Adaptive histogram equalization (AHE) can be used to improve the local contrast of an image 1. Specifically, AHE can be useful for normalizing intensities across images. This example compares the results of applying global histogram equalization and AHE to a 3D image and a synthetically degraded version of it.

1

https://en.wikipedia.org/wiki/Histogram_equalization

plot adapt hist eq 3d
import matplotlib.pyplot as plt
import matplotlib.patches as patches
from matplotlib import cm, colors
from mpl_toolkits.mplot3d import Axes3D

import numpy as np
from skimage import exposure
import imageio as io


# Prepare data and apply histogram equalization

# Try using skimage.data.image_fetcher for cached data loading,
# otherwise fall back to reading the data from url
from skimage.data import image_fetcher
try:
    path = image_fetcher.fetch('data/cells.tif')
    im_orig = io.volread(path)
except:
    im_orig = io.volread('https://github.com/scikit-image/'
                         'skimage-tutorials/blob/master/'
                         'images/cells.tif?raw=True')

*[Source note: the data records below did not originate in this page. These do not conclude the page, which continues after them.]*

(* Fix $\sigma\in(0,\tfrac12)$. There exist $\lambda^{*}>0$ and $s^{*}\in(0,1)$ such that: (i) for all $\lambda\in(0,\lambda^{*})$, $\mathcal{I}^1_\lambda=(0,1)$; (ii) for $\lambda=\lambda^{*}$, $\mathcal{I}^1_\lambda=(0,1)\setminus\{s^{*}\}$; (iii) for all $\lambda>\lambda^{*}$ there exist $s_0,s_1\in(0,1)$ with $s_0<s^{*}<s_1$ such that $\mathcal{I}^1_\lambda=(0,s_0)\cup(s_1,1)$.
   Context: Let $g(s)=s^2(1-s)$ and $G(u)=u^3/3-u^4/4$ on $[0,1]$. For $\lambda>0$ and $s\in(0,1)$, let $(\hat u_s,\hat v_s)$ be the unique solution, on its maximal interval of existence, of $u'=v$, $v'=-\lambda g(u)$, $u(1)=s$, $v(1)=0$. Let $\hat T_0(s)$ denote the time taken by $(\hat u_s,\hat v_s)$ to go from $(s,0)$ to the half-line $\{0\}\times(0,+\infty)$ moving backwards in time along the level line $v^2+2\lambda G(u)=2\lambda G(s)$. Set $\mathcal{I}^1_\lambda=\{s\in(0,1):\hat T_0(s)>\sigma\}$. *)

theory Defs
  imports "HOL-Analysis.Analysis"
begin

definition g :: "real \<Rightarrow> real" where
  "g s = s^2 * (1 - s)"

definition G :: "real \<Rightarrow> real" where
  "G u = u^3 / 3 - u^4 / 4"

text \<open>The time taken by the solution of u' = v, v' = -lam g(u), u(1) = s, v(1) = 0,
  moving backwards in time from (s,0), to reach the half-line {0} x (0,+inf):
  the (unique) tau > 0 such that the solution exists on [1-tau,1], lies on
  the half-line at time 1-tau, and does not meet it at times in (1-tau,1].\<close>
definition T0hat :: "real \<Rightarrow> real \<Rightarrow> real" where
  "T0hat lam s = (THE tau. tau > 0 \<and>
     (\<exists>u v :: real \<Rightarrow> real.
        (\<forall>t\<in>{1-tau..1}. (u has_real_derivative v t) (at t within {1-tau..1}) \<and>
                          (v has_real_derivative (- lam * g (u t))) (at t within {1-tau..1})) \<and>
        u 1 = s \<and> v 1 = 0 \<and>
        u (1 - tau) = 0 \<and> v (1 - tau) > 0 \<and>
        (\<forall>t\<in>{1-tau<..1}. \<not> (u t = 0 \<and> v t > 0))))"

definition I1 :: "real \<Rightarrow> real \<Rightarrow> real set" where
  "I1 sg lam = {s \<in> {0<..<1}. T0hat lam s > sg}"

end

theory Submission
  imports Defs "HOL-Real_Asymp.Real_Asymp"
begin

text \<open>
  On the orbit through (s,0) put u = s (1 - z^2) with z \<in> [0,1]. Then
  G s - G u = s^2 z^2 P(s,z) for a polynomial P that is positive for 0 < s < 1, and
  conservation of v^2 + 2 lam G(u) reduces the orbit to z' = - sqrt (lam P(s,z) / 2).
  Hence \hat T_0(s) = tau(s) / sqrt lam with tau(s) the integral of sqrt (2 / P(s,z)) over z \<in> [0,1]:
  the solution is built explicitly by inverting this time integral, and it is the one
  in the definition of \hat T_0 by uniqueness for the ODE.

  P is affine in s minus s^2 times a positive function, hence strictly concave in s,
  and p \<mapsto> 1 / sqrt p is convex and decreasing, so tau is strictly convex on (0,1).
  As tau tends to +\<infinity> at both ends, it decreases up to its minimiser s* and increases
  after it, and I^1_lam is the superlevel set {tau > sigma sqrt lam}. This gives
  lam* = (tau(s*) / sigma)^2.
\<close>

subsection \<open>Strictly convex functions on (0,1)\<close>

definition strict_convex_on :: "real set \<Rightarrow> (real \<Rightarrow> real) \<Rightarrow> bool" where
  "strict_convex_on S f \<longleftrightarrow> (\<forall>x\<in>S. \<forall>y\<in>S. \<forall>t. x < y \<and> 0 < t \<and> t < 1 \<longrightarrow>
     f ((1 - t) * x + t * y) < (1 - t) * f x + t * f y)"

lemma strict_convex_on_imp_convex_on:
  assumes "strict_convex_on S f" "convex S"
  shows "convex_on S f"
  using assms by (intro convex_on_linorderI) (auto simp: strict_convex_on_def intro: less_imp_le)

lemma convex_on_inverse_sqrt: "convex_on {0<..} (\<lambda>p::real. 1 / sqrt p)"
proof -
  have "convex_on {0<..} (\<lambda>p::real. p powr (-1/2))"
    by (rule f''_ge0_imp_convex[where f' = "\<lambda>p. -1/2 * p powr (-3/2)" and f'' = "\<lambda>p. 3/4 * p powr (-5/2)"])
       (auto intro!: derivative_eq_intros simp: powr_diff)
  moreover have "p powr (-1/2) = 1 / sqrt p" if "0 < p" for p :: real
    using that by (simp add: powr_minus_divide powr_half_sqrt)
  moreover have "0 < u * x + v * y" if "0 < x" "0 < y" "0 \<le> u" "0 \<le> v" "u + v = 1" for x y u v :: real
    using that by (cases "u = 0") (auto intro: add_pos_nonneg)
  ultimately show ?thesis
    unfolding convex_on_def by auto
qed

lemma convex_combination_in_unit_interval:
  fixes x y t :: real
  assumes "0 < x" "x < y" "y < 1" "0 < t" "t < 1"
  shows "0 < (1 - t) * x + t * y" "(1 - t) * x + t * y < 1"
proof -
  have "(1 - t) * x < 1 - t"
    using mult_strict_left_mono[of x 1 "1 - t"] assms by simp
  moreover have "t * y < t"
    using mult_strict_left_mono[of y 1 t] assms by simp
  moreover have "0 < (1 - t) * x" "0 < t * y"
    using assms by simp_all
  ultimately show "0 < (1 - t) * x + t * y" "(1 - t) * x + t * y < 1"
    by linarith+
qed

lemma exceeds_near_ends:
  fixes f :: "real \<Rightarrow> real"
  assumes lim0: "filterlim f at_top (at_right 0)" and lim1: "filterlim f at_top (at_left 1)"
    and r: "r \<in> {0<..<1}"
  obtains a b where "0 < a" "a < r" "r < b" "b < 1"
    "\<And>x. 0 < x \<Longrightarrow> x \<le> a \<Longrightarrow> c < f x" "\<And>x. b \<le> x \<Longrightarrow> x < 1 \<Longrightarrow> c < f x"
proof -
  obtain a' where "0 < a'" and a': "\<And>x. 0 < x \<Longrightarrow> x < a' \<Longrightarrow> c < f x"
    using lim0 unfolding filterlim_at_top_dense eventually_at_right_field by blast
  obtain b' where "b' < 1" and b': "\<And>x. b' < x \<Longrightarrow> x < 1 \<Longrightarrow> c < f x"
    using lim1 unfolding filterlim_at_top_dense eventually_at_left_field by blast
  show ?thesis
  proof
    show "0 < min a' r / 2" "min a' r / 2 < r" "r < (max b' r + 1) / 2" "(max b' r + 1) / 2 < 1"
      using \<open>0 < a'\<close> \<open>b' < 1\<close> r by auto
    show "c < f x" if "0 < x" "x \<le> min a' r / 2" for x
      using that \<open>0 < a'\<close> by (intro a') auto
    show "c < f x" if "(max b' r + 1) / 2 \<le> x" "x < 1" for x
      using that by (intro b') auto
  qed
qed

lemma continuous_coercive_attains_min:
  fixes f :: "real \<Rightarrow> real"
  assumes cont: "continuous_on {0<..<1} f"
    and lim0: "filterlim f at_top (at_right 0)" and lim1: "filterlim f at_top (at_left 1)"
  obtains m where "m \<in> {0<..<1}" "\<forall>x\<in>{0<..<1}. f m \<le> f x"
proof -
  obtain a b where ab: "0 < a" "a < 1/2" "1/2 < b" "b < 1"
    and outside: "\<And>x. 0 < x \<Longrightarrow> x \<le> a \<Longrightarrow> f (1/2) < f x" "\<And>x. b \<le> x \<Longrightarrow> x < 1 \<Longrightarrow> f (1/2) < f x"
    using lim0 lim1 by (rule exceeds_near_ends[where r = "1/2" and c = "f (1/2)"]) auto
  have "{a..b} \<subseteq> {0<..<1}"
    using ab by auto
  then have "\<exists>m\<in>{a..b}. \<forall>y\<in>{a..b}. f m \<le> f y"
    using ab by (intro continuous_attains_inf compact_Icc continuous_on_subset[OF cont]) auto
  then obtain m where m: "m \<in> {a..b}" and min: "\<forall>y\<in>{a..b}. f m \<le> f y"
    by blast
  have "f m \<le> f x" if "x \<in> {0<..<1}" for x
  proof (cases "x \<in> {a..b}")
    case False
    then have "f (1/2) < f x"
      using that outside by force
    moreover have "f m \<le> f (1/2)"
      using min ab by auto
    ultimately show ?thesis
      by simp
  qed (use min in auto)
  with m ab show ?thesis
    by (intro that[of m]) auto
qed

lemma strictly_convex_min_unimodal:
  fixes f :: "real \<Rightarrow> real"
  assumes strict: "strict_convex_on {0<..<1} f"
    and m: "m \<in> {0<..<1}" and min: "\<forall>x\<in>{0<..<1}. f m \<le> f x"
  shows "\<And>x. x \<in> {0<..<1} \<Longrightarrow> x \<noteq> m \<Longrightarrow> f m < f x"
    and "\<And>x y. 0 < x \<Longrightarrow> x < y \<Longrightarrow> y \<le> m \<Longrightarrow> f y < f x"
    and "\<And>x y. m \<le> x \<Longrightarrow> x < y \<Longrightarrow> y < 1 \<Longrightarrow> f x < f y"
proof -
  have between: "f y < max (f x) (f z)" if "0 < x" "x < y" "y < z" "z < 1" for x y z
  proof -
    define t where "t = (y - x) / (z - x)"
    have "0 < t" "t < 1"
      using that by (auto simp: t_def)
    have "(1 - t) * x + t * z = x + t * (z - x)"
      by (simp add: algebra_simps)
    also have "\<dots> = y"
      using that by (simp add: t_def)
    finally have "f y < (1 - t) * f x + t * f z"
      using strict that \<open>0 < t\<close> \<open>t < 1\<close> unfolding strict_convex_on_def by auto
    also have "\<dots> \<le> (1 - t) * max (f x) (f z) + t * max (f x) (f z)"
      using \<open>0 < t\<close> \<open>t < 1\<close> by (intro add_mono mult_left_mono) auto
    finally show ?thesis
      by (simp add: algebra_simps)
  qed
  show strict_min: "f m < f x" if "x \<in> {0<..<1}" "x \<noteq> m" for x
  proof -
    have "f m \<le> f ((x + m) / 2)"
      using that m min by auto
    moreover have "f ((x + m) / 2) < max (f x) (f m)"
      using that m between[of x "(x + m) / 2" m] between[of m "(x + m) / 2" x]
      by (cases "x < m") (auto simp: max.commute)
    ultimately show ?thesis
      by (auto simp: max_def split: if_splits)
  qed
  show "f y < f x" if "0 < x" "x < y" "y \<le> m" for x y
    using that m strict_min[of x] min between[of x y m]
    by (cases "y = m") (auto simp: max_def split: if_splits)
  show "f x < f y" if "m \<le> x" "x < y" "y < 1" for x y
    using that m strict_min[of y] min between[of m x y]
    by (cases "x = m") (auto simp: max_def split: if_splits)
qed

lemma unimodal_superlevel_set:
  fixes f :: "real \<Rightarrow> real"
  assumes cont: "continuous_on {0<..<1} f" and m: "m \<in> {0<..<1}"
    and dec: "\<And>x y. 0 < x \<Longrightarrow> x < y \<Longrightarrow> y \<le> m \<Longrightarrow> f y < f x"
    and inc: "\<And>x y. m \<le> x \<Longrightarrow> x < y \<Longrightarrow> y < 1 \<Longrightarrow> f x < f y"
    and lim0: "filterlim f at_top (at_right 0)" and lim1: "filterlim f at_top (at_left 1)"
    and c: "f m < c"
  obtains s0 s1 where "0 < s0" "s0 < m" "m < s1" "s1 < 1"
    "{s \<in> {0<..<1}. c < f s} = {0<..<s0} \<union> {s1<..<1}"
proof -
  obtain a b where ab: "0 < a" "a < m" "m < b" "b < 1" and "c < f a" "c < f b"
    using lim0 lim1 m by (rule exceeds_near_ends[where r = m and c = c]) auto
  moreover have "continuous_on {a..m} f" "continuous_on {m..b} f"
    using ab by (auto intro: continuous_on_subset[OF cont])
  ultimately obtain s0 s1 where s0: "a \<le> s0" "s0 \<le> m" "f s0 = c" and s1: "m \<le> s1" "s1 \<le> b" "f s1 = c"
    using IVT2'[of f m c a] IVT'[of f m c b] c by force
  have "s0 < m" "m < s1"
    using s0 s1 c by (auto simp: order.order_iff_strict)
  have "c < f s \<longleftrightarrow> s < s0 \<or> s1 < s" if "s \<in> {0<..<1}" for s
  proof (cases "s \<le> m")
    case True
    then show ?thesis
      using that dec[of s s0] dec[of s0 s] ab s0 \<open>s0 < m\<close> \<open>m < s1\<close>
      by (cases s s0 rule: linorder_cases) auto
  next
    case False
    then show ?thesis
      using that inc[of s s1] inc[of s1 s] ab s1 \<open>s0 < m\<close> \<open>m < s1\<close>
      by (cases s s1 rule: linorder_cases) auto
  qed
  then have "{s \<in> {0<..<1}. c < f s} = {0<..<s0} \<union> {s1<..<1}"
    using ab s0 s1 \<open>s0 < m\<close> \<open>m < s1\<close> by auto
  with \<open>s0 < m\<close> \<open>m < s1\<close> show ?thesis
    using ab s0(1) s1(2) by (intro that) auto
qed

lemma strict_min_superlevel_sets:
  fixes f :: "real \<Rightarrow> real"
  assumes strict_min: "\<And>x. x \<in> {0<..<1} \<Longrightarrow> x \<noteq> m \<Longrightarrow> f m < f x"
  shows "c < f m \<Longrightarrow> {s \<in> {0<..<1}. c < f s} = {0<..<1}"
    and "{s \<in> {0<..<1}. f m < f s} = {0<..<1} - {m}"
proof -
  assume "c < f m"
  then have "c < f s" if "s \<in> {0<..<1}" for s
    using strict_min[OF that] by (cases "s = m") auto
  then show "{s \<in> {0<..<1}. c < f s} = {0<..<1}"
    by blast
next
  show "{s \<in> {0<..<1}. f m < f s} = {0<..<1} - {m}"
    using strict_min by blast
qed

# Reorder axis order from (z, y, x) to (x, y, z)
im_orig = im_orig.transpose()

# Rescale image data to range [0, 1]
im_orig = np.clip(im_orig,
                  np.percentile(im_orig, 5),
                  np.percentile(im_orig, 95))
im_orig = (im_orig - im_orig.min()) / (im_orig.max() - im_orig.min())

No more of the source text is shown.